### What to do
Reproduce each record exactly.

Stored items
(* Let $C, A \subseteq \omega$ with $A \not\leq_T C$. Then every condition has an acceptable part. Moreover, for every condition $c$ and every $m \in \omega$ there is a condition $d$ extending $c$ such that $d$ forces $Q_m$ on each of its acceptable parts.
   Context: Fix sets $C, A \subseteq \omega$. For $\sigma \in 2^{<\omega}$ and $X \in 2^\omega$ (or a string of length at least $|\sigma|$), $X/\sigma$ denotes the result of replacing the first $|\sigma|$ bits of $X$ by $\sigma$; strings and elements of $2^\omega$ are identified with (finite or infinite) subsets of $\omega$. A Mathias condition is a pair $(\sigma, X)$ with $\sigma \in 2^{<\omega}$, $X \in 2^\omega$; $(\tau,Y)$ extends $(\sigma,X)$ if $\sigma \preceq \tau$ and $Y/\tau \subseteq X/\sigma$; a set $G$ satisfies $(\sigma,X)$ if $\sigma \prec G$ and $G \subseteq X/\sigma$. A set $X = X_0 \oplus \cdots \oplus X_{k-1}$ codes an ordered $k$-partition of $\omega$ if $\bigcup_{i<k} X_i = \omega$ (the parts need not be disjoint). A condition is a tuple $c = (k, \sigma_0, \ldots, \sigma_{k-1}, P)$ with $k > 0$, each $\sigma_i \in 2^{<\omega}$, and $P$ a non-empty $\Pi^{0,C}_1$ class each of whose members codes an ordered $k$-partition of $\omega$. A condition $d = (m, \tau_0,\ldots,\tau_{m-1}, Q)$ extends $c$ if there is a function $f : m \to k$ such that for every $Y_0 \oplus \cdots \oplus Y_{m-1} \in Q$ there is $X_0 \oplus \cdots \oplus X_{k-1} \in P$ such that for each $i<m$ the Mathias condition $(\tau_i, Y_i)$ extends $(\sigma_{f(i)}, X_{f(i)})$. A set $G$ satisfies $c$ on part $i$ if there is $X_0\oplus\cdots\oplus X_{k-1} \in P$ with $G$ satisfying $(\sigma_i, X_i)$. Part $i$ of $c$ is acceptable if there is $X_0 \oplus \cdots \oplus X_{k-1} \in P$ such that $X_i \cap A$ and $X_i \cap \overline{A}$ are both infinite. The condition $c$ forces $Q_m$ on part $i$ if $|\sigma_i \cap A| \geq m$ and $|\sigma_i \cap \overline{A}| \geq m$ (with $\sigma_i$ viewed as a finite set). *)

theory Defs
  imports Main "HOL-Library.Nat_Bijection" "HOL-Library.Sublist"
begin

datatype rf =
    Zer
  | Suc_f
  | Lft
  | Rgt
  | Orc
  | Comp rf rf
  | Pair rf rf
  | Prec rf rf
  | Mu rf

### Finished exercise
(* Let $C, A \subseteq \omega$ with $A \not\leq_T C$. Then every condition has an acceptable part. Moreover, for every condition $c$ and every $m \in \omega$ there is a condition $d$ extending $c$ such that $d$ forces $Q_m$ on each of its acceptable parts.
   Context: Fix sets $C, A \subseteq \omega$. For $\sigma \in 2^{<\omega}$ and $X \in 2^\omega$ (or a string of length at least $|\sigma|$), $X/\sigma$ denotes the result of replacing the first $|\sigma|$ bits of $X$ by $\sigma$; strings and elements of $2^\omega$ are identified with (finite or infinite) subsets of $\omega$. A Mathias condition is a pair $(\sigma, X)$ with $\sigma \in 2^{<\omega}$, $X \in 2^\omega$; $(\tau,Y)$ extends $(\sigma,X)$ if $\sigma \preceq \tau$ and $Y/\tau \subseteq X/\sigma$; a set $G$ satisfies $(\sigma,X)$ if $\sigma \prec G$ and $G \subseteq X/\sigma$. A set $X = X_0 \oplus \cdots \oplus X_{k-1}$ codes an ordered $k$-partition of $\omega$ if $\bigcup_{i<k} X_i = \omega$ (the parts need not be disjoint). A condition is a tuple $c = (k, \sigma_0, \ldots, \sigma_{k-1}, P)$ with $k > 0$, each $\sigma_i \in 2^{<\omega}$, and $P$ a non-empty $\Pi^{0,C}_1$ class each of whose members codes an ordered $k$-partition of $\omega$. A condition $d = (m, \tau_0,\ldots,\tau_{m-1}, Q)$ extends $c$ if there is a function $f : m \to k$ such that for every $Y_0 \oplus \cdots \oplus Y_{m-1} \in Q$ there is $X_0 \oplus \cdots \oplus X_{k-1} \in P$ such that for each $i<m$ the Mathias condition $(\tau_i, Y_i)$ extends $(\sigma_{f(i)}, X_{f(i)})$. A set $G$ satisfies $c$ on part $i$ if there is $X_0\oplus\cdots\oplus X_{k-1} \in P$ with $G$ satisfying $(\sigma_i, X_i)$. Part $i$ of $c$ is acceptable if there is $X_0 \oplus \cdots \oplus X_{k-1} \in P$ such that $X_i \cap A$ and $X_i \cap \overline{A}$ are both infinite. The condition $c$ forces $Q_m$ on part $i$ if $|\sigma_i \cap A| \geq m$ and $|\sigma_i \cap \overline{A}| \geq m$ (with $\sigma_i$ viewed as a finite set). *)

theory Defs
  imports Main "HOL-Library.Nat_Bijection" "HOL-Library.Sublist"
begin

datatype rf =
    Zer
  | Suc_f
  | Lft
  | Rgt
  | Orc
  | Comp rf rf
  | Pair rf rf
  | Prec rf rf
  | Mu rf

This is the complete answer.